Metabolic syndrome is a risk factor for heart disease. Since many people with heart disease also have metabolic syndrome, the ability to reverse it through the Mediterranean diet is extremely important.

An editorial published along with the study underlines the importance of the Mediterranean diet for everyone:

“Spain has a proud tradition of nutrition research in the cardiovascular field. The primary preventive PREDIMED study clearly shows the health benefits of professional dietary intervention for individuals with high cardiometabolic risk. The secondary preventive CORDIOPREV study also contributes with important new knowledge about the role of lifestyle, including nutrition, for the prognosis of coronary heart disease. The present study focuses on the role of an overall healthy lifestyle on the prevention and treatment of the metabolic syndrome. Still, the two studies provide complementary knowledge on the health benefits of traditional Mediterranean food. It is important to emphasize that this food pattern is a good model for healthy eating according to the current knowledge. 

“The results from the present CORDIOPREV study are indeed clinically relevant. In recent decades, lifestyle and risk factor patterns in the population as a whole, as well as in patients with coronary heart disease, have changed. The prevalence of the metabolic syndrome is increasing in all parts of the population, especially in at-risk individuals with coronary heart disease because such patients today are often sedentary and have abdominal obesity. The metabolic syndrome is—beyond an increased risk of cardiovascular diseases—also linked to an increased risk of cancer, cognitive impairment, and inflammatory diseases, as well as low quality of life.

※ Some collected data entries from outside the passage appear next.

(* Let $X$ be a special (abstract) rank one group with abelian unipotent subgroups $A$ and $B$, and set $H = N_X(A) \cap N_X(B)$. If $|A| \geq 4$, then $A = [A,H]$.
   Context: For a group $X$ and $g,x \in X$, write $x^g = g^{-1}xg$, $A^g = g^{-1}Ag$, and $[x,g] = x^{-1}g^{-1}xg$; $[A,H]$ denotes the subgroup generated by all $[a,h]$ with $a \in A$, $h \in H$. A group $X$ is an (abstract) rank one group with abelian unipotent subgroups $A$ and $B$ if $X = \langle A, B\rangle$ where $A$ and $B$ are different abelian subgroups of $X$ such that for each $1 \neq a \in A$ there is an element $1 \neq b \in B$ with $A^b = B^a$, and for each $1 \neq b \in B$ there is an element $1 \neq a \in A$ with $B^a = A^b$. In such a group, for each $1 \neq a \in A$ the element $1 \neq b \in B$ with $A^b = B^a$ is uniquely determined and is denoted $b(a)$. The group $X$ is called special if $b(a^{-1}) = b(a)^{-1}$ for all $1 \neq a \in A$. *)

theory Defs
  imports "HOL-Algebra.Group_Action" "HOL-Algebra.Generated_Groups"
begin

text \<open>Conjugation conventions of the paper: x^g = g^-1 x g, A^g = g^-1 A g,
  [x,g] = x^-1 g^-1 x g.\<close>

definition conj_set :: "('a, 'b) monoid_scheme \<Rightarrow> 'a set \<Rightarrow> 'a \<Rightarrow> 'a set" where
  "conj_set G A g = (\<lambda>a. inv\<^bsub>G\<^esub> g \<otimes>\<^bsub>G\<^esub> a \<otimes>\<^bsub>G\<^esub> g) ` A"

definition comm_elem :: "('a, 'b) monoid_scheme \<Rightarrow> 'a \<Rightarrow> 'a \<Rightarrow> 'a" where
  "comm_elem G x g = inv\<^bsub>G\<^esub> x \<otimes>\<^bsub>G\<^esub> inv\<^bsub>G\<^esub> g \<otimes>\<^bsub>G\<^esub> x \<otimes>\<^bsub>G\<^esub> g"

definition comm_subgroup :: "('a, 'b) monoid_scheme \<Rightarrow> 'a set \<Rightarrow> 'a set \<Rightarrow> 'a set" where
  "comm_subgroup G A H = generate G {comm_elem G a h | a h. a \<in> A \<and> h \<in> H}"

definition abelian_subgroup :: "('a, 'b) monoid_scheme \<Rightarrow> 'a set \<Rightarrow> bool" where
  "abelian_subgroup G A \<longleftrightarrow> subgroup A G \<and>
     (\<forall>x\<in>A. \<forall>y\<in>A. x \<otimes>\<^bsub>G\<^esub> y = y \<otimes>\<^bsub>G\<^esub> x)"

definition rank_one_group :: "('a, 'b) monoid_scheme \<Rightarrow> 'a set \<Rightarrow> 'a set \<Rightarrow> bool" where
  "rank_one_group G A B \<longleftrightarrow> group G \<and>
     abelian_subgroup G A \<and> abelian_subgroup G B \<and> A \<noteq> B \<and>
     generate G (A \<union> B) = carrier G \<and>
     (\<forall>a\<in>A - {\<one>\<^bsub>G\<^esub>}. \<exists>b\<in>B - {\<one>\<^bsub>G\<^esub>}. conj_set G A b = conj_set G B a) \<and>
     (\<forall>b\<in>B - {\<one>\<^bsub>G\<^esub>}. \<exists>a\<in>A - {\<one>\<^bsub>G\<^esub>}. conj_set G B a = conj_set G A b)"

definition b_of :: "('a, 'b) monoid_scheme \<Rightarrow> 'a set \<Rightarrow> 'a set \<Rightarrow> 'a \<Rightarrow> 'a" where
  "b_of G A B a = (THE b. b \<in> B - {\<one>\<^bsub>G\<^esub>} \<and> conj_set G A b = conj_set G B a)"

definition special_rank_one_group :: "('a, 'b) monoid_scheme \<Rightarrow> 'a set \<Rightarrow> 'a set \<Rightarrow> bool" where
  "special_rank_one_group G A B \<longleftrightarrow> rank_one_group G A B \<and>
     (\<forall>a\<in>A - {\<one>\<^bsub>G\<^esub>}. b_of G A B (inv\<^bsub>G\<^esub> a) = inv\<^bsub>G\<^esub> (b_of G A B a))"
lemma nth_concat_map:
  assumes "j < length w" "r < length (\<sigma> (w ! j))"
  shows "concat (map \<sigma> w) ! (length (concat (map \<sigma> (take j w))) + r) = \<sigma> (w ! j) ! r"
proof -
  have "w = take j w @ (w ! j) # drop (Suc j) w" using assms(1) by (simp add: id_take_nth_drop)
  then have "concat (map \<sigma> w)
      = concat (map \<sigma> (take j w)) @ \<sigma> (w ! j) @ concat (map \<sigma> (drop (Suc j) w))"
    by (metis concat.simps(2) concat_append map_append list.simps(9))
  then show ?thesis using assms(2) by (simp add: nth_append)
qed

lemma cumlen_subst_seq_in_block:
  assumes ne': "non_erasing \<sigma>'" and j: "j \<le> length (\<sigma>' (x n))"
  defines "c \<equiv> cumlen \<sigma>' x (n - 1)"
  shows "cumlen \<sigma> (subst_seq \<sigma>' x) (c + int j) - cumlen \<sigma> (subst_seq \<sigma>' x) c
       = int (length (concat (map \<sigma> (take j (\<sigma>' (x n))))))"
proof -
  let ?z = "subst_seq \<sigma>' x" and ?w = "\<sigma>' (x n)"
  have "cumlen \<sigma> ?z (c + int j) - cumlen \<sigma> ?z c = (\<Sum>t\<in>{c<..c + int j}. block_length \<sigma> ?z t)"
    by (rule cumlen_diff_eq_sum) simp
  also have "\<dots> = (\<Sum>j'<j. block_length \<sigma> ?z (c + 1 + int j'))"
    by (rule sum_greaterThanAtMost_reindex)
  also have "\<dots> = (\<Sum>j'<j. int (length (\<sigma> (?w ! j'))))"
    using j by (intro sum.cong) (auto simp: c_def subst_seq_block_nth[OF ne'])
  also have "\<dots> = int (length (concat (map \<sigma> (take j ?w))))"
    using length_concat_map_take[of j ?w \<sigma>] j by simp
  finally show ?thesis .
qed
(* Let $L\subset\mathbb{R}$ be a real multiquadratic field of rank $t$, i.e. $L/\mathbb{Q}$ is Galois with $\mathrm{Gal}(L/\mathbb{Q})\cong(\mathbb{Z}/2\mathbb{Z})^t$, and let $\epsilon_1,\dots,\epsilon_{2^t-1}$ be the fundamental units of the $2^t-1$ quadratic subfields of $L$. Then the subspace of $\mathbb{F}_2^{2^t}$ spanned by the signatures (in $L$) of $-1,\epsilon_1,\dots,\epsilon_{2^t-1}$ has dimension at most $t+1$, and this maximum value $t+1$ is attained when every $\epsilon_i$ has norm $-1$.
   Context: For a totally real field $F$ of degree $n$ and $0\neq\alpha\in F$, the signature of $\alpha$ is the vector in $\mathbb{F}_2^n$ whose entry at a real embedding $v$ of $F$ is $0$ if $v(\alpha)>0$ and $1$ if $v(\alpha)<0$. *)

theory Defs
  imports Complex_Main "HOL-Computational_Algebra.Polynomial" "HOL-Library.Z2"
    "HOL-Library.Function_Algebras" "HOL-Algebra.Elementary_Groups" "HOL-Algebra.Product_Groups"
begin

definition is_subfield :: "real set \<Rightarrow> bool" where
  "is_subfield K \<longleftrightarrow> 0 \<in> K \<and> 1 \<in> K \<and>
     (\<forall>x\<in>K. \<forall>y\<in>K. x + y \<in> K \<and> x * y \<in> K) \<and>
     (\<forall>x\<in>K. - x \<in> K) \<and> (\<forall>x\<in>K. x \<noteq> 0 \<longrightarrow> inverse x \<in> K)"
(* Let $G$ be a finite graph and let $v$ be a vertex of $G$ of degree at most five such that there is no $v$-immersion of $K_6$ into $G$. If $G-v$ has a proper $5$-coloring, then so does $G$.
   Context: Graphs are finite and simple. An immersion of $G'$ into $G$ is a function $\alpha$ on $V(G')\cup E(G')$ such that: $\alpha$ restricted to $V(G')$ is an injection into $V(G)$; for each edge $e=uw$ of $G'$, $\alpha(e)$ is a path in $G$ with ends $\alpha(u)$ and $\alpha(w)$; and for distinct edges $e,f$ of $G'$ the paths $\alpha(e),\alpha(f)$ are edge-disjoint. It is essential if moreover $\alpha(e)$ and $\alpha(f)$ are vertex-disjoint whenever $e$ and $f$ are non-adjacent edges. For a vertex $v$ of $G$, a $v$-immersion of $G'$ into $G$ is an essential immersion $\alpha$ of $G'$ into $G$ such that $v=\alpha(u)$ for some vertex $u$ of $G'$ and $\alpha(e)$ is a single-edge path for every edge $e$ of $G'$ incident with $u$. A proper coloring assigns colors to vertices so that adjacent vertices receive distinct colors. *)

theory Defs
  imports Main
begin

definition simple_graph :: "'a set \<Rightarrow> 'a set set \<Rightarrow> bool" where
  "simple_graph V E \<longleftrightarrow> finite V \<and> (\<forall>e\<in>E. e \<subseteq> V \<and> card e = 2)"

definition degree :: "'a set set \<Rightarrow> 'a \<Rightarrow> nat" where
  "degree E v = card {e\<in>E. v \<in> e}"

definition del_vertex_V :: "'a set \<Rightarrow> 'a \<Rightarrow> 'a set" where
  "del_vertex_V V v = V - {v}"
definition del_vertex_E :: "'a set set \<Rightarrow> 'a \<Rightarrow> 'a set set" where
  "del_vertex_E E v = {e\<in>E. v \<notin> e}"

definition proper_coloring :: "'a set \<Rightarrow> 'a set set \<Rightarrow> nat \<Rightarrow> ('a \<Rightarrow> nat) \<Rightarrow> bool" where
  "proper_coloring V E k c \<longleftrightarrow> (\<forall>x\<in>V. c x < k) \<and> (\<forall>x y. {x, y} \<in> E \<longrightarrow> c x \<noteq> c y)"

definition colorable :: "'a set \<Rightarrow> 'a set set \<Rightarrow> nat \<Rightarrow> bool" where
  "colorable V E k \<longleftrightarrow> (\<exists>c. proper_coloring V E k c)"

definition is_path :: "'a set \<Rightarrow> 'a set set \<Rightarrow> 'a list \<Rightarrow> bool" where
  "is_path V E p \<longleftrightarrow> p \<noteq> [] \<and> distinct p \<and> set p \<subseteq> V \<and>
     (\<forall>i. Suc i < length p \<longrightarrow> {p ! i, p ! Suc i} \<in> E)"

definition path_edges :: "'a list \<Rightarrow> 'a set set" where
  "path_edges p = {{p ! i, p ! Suc i} | i. Suc i < length p}"

definition immersion ::
  "'b set \<Rightarrow> 'b set set \<Rightarrow> 'a set \<Rightarrow> 'a set set \<Rightarrow> ('b \<Rightarrow> 'a) \<Rightarrow> ('b set \<Rightarrow> 'a list) \<Rightarrow> bool" where
  "immersion V' E' V E f P \<longleftrightarrow>
     inj_on f V' \<and> f ` V' \<subseteq> V \<and>
     (\<forall>e\<in>E'. is_path V E (P e) \<and> {hd (P e), last (P e)} = f ` e) \<and>
     (\<forall>e\<in>E'. \<forall>e'\<in>E'. e \<noteq> e' \<longrightarrow> path_edges (P e) \<inter> path_edges (P e') = {})"

definition essential_immersion ::
  "'b set \<Rightarrow> 'b set set \<Rightarrow> 'a set \<Rightarrow> 'a set set \<Rightarrow> ('b \<Rightarrow> 'a) \<Rightarrow> ('b set \<Rightarrow> 'a list) \<Rightarrow> bool" where
  "essential_immersion V' E' V E f P \<longleftrightarrow>
     immersion V' E' V E f P \<and>
     (\<forall>e\<in>E'. \<forall>e'\<in>E'. e \<inter> e' = {} \<longrightarrow> set (P e) \<inter> set (P e') = {})"

definition v_immersion ::
  "'a \<Rightarrow> 'b set \<Rightarrow> 'b set set \<Rightarrow> 'a set \<Rightarrow> 'a set set \<Rightarrow> ('b \<Rightarrow> 'a) \<Rightarrow> ('b set \<Rightarrow> 'a list) \<Rightarrow> bool" where
  "v_immersion v V' E' V E f P \<longleftrightarrow>
     essential_immersion V' E' V E f P \<and>
     (\<exists>u\<in>V'. f u = v \<and> (\<forall>e\<in>E'. u \<in> e \<longrightarrow> length (P e) = 2))"

definition K_V :: "nat \<Rightarrow> nat set" where
  "K_V n = {0..<n}"
definition K_E :: "nat \<Rightarrow> nat set set" where
  "K_E n = {{i, j} | i j. i < n \<and> j < n \<and> i \<noteq> j}"

end

theory Submission
  imports Defs "HOL-Library.Transitive_Closure_Table"
begin

(*
  Suppose G is not 5-colorable and fix a 5-coloring c of G - v. Every color occurs on a neighbor
  of v, since otherwise v could be colored; as v has degree at most five, its neighbors
  w_0, ..., w_4 get pairwise distinct colors. For a < b the vertices w_a and w_b lie in the same
  {a,b}-Kempe chain of G - v: otherwise swapping a and b on the chain of w_a frees the color a at v.
  Send the apex of K_6 to v, its edges to the edges v w_a, and the edge between w_a and w_b to an
  {a,b}-colored path. Giving v the new color 5, every edge of the path chosen for an edge of K_6
  carries exactly the colors of that edge's ends; hence distinct paths share no edge, and paths of
  disjoint edges share no vertex.
*)

lemma simple_graph_edgeD:
  assumes "simple_graph V E" "{x, y} \<in> E"
  shows "x \<noteq> y" "x \<in> V" "y \<in> V"
  using assms unfolding simple_graph_def by (auto simp: card_insert_if split: if_splits)

lemma simple_graph_del_vertex:
  assumes "simple_graph V E"
  shows "simple_graph (V - {v}) (del_vertex_E E v)"
  using assms unfolding simple_graph_def del_vertex_E_def by auto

“Perhaps, we are approaching the limit for what is achievable by pharmacological treatment alone. Instead, an increased investment in lifestyle might be required to further improve the prognosis for people with coronary heart disease. The important data from the Spanish CORDIOPREV study underline that lifestyle interventions, including dietary changes, are still underused in modern healthcare. This study indicates that much health remains to be gained.”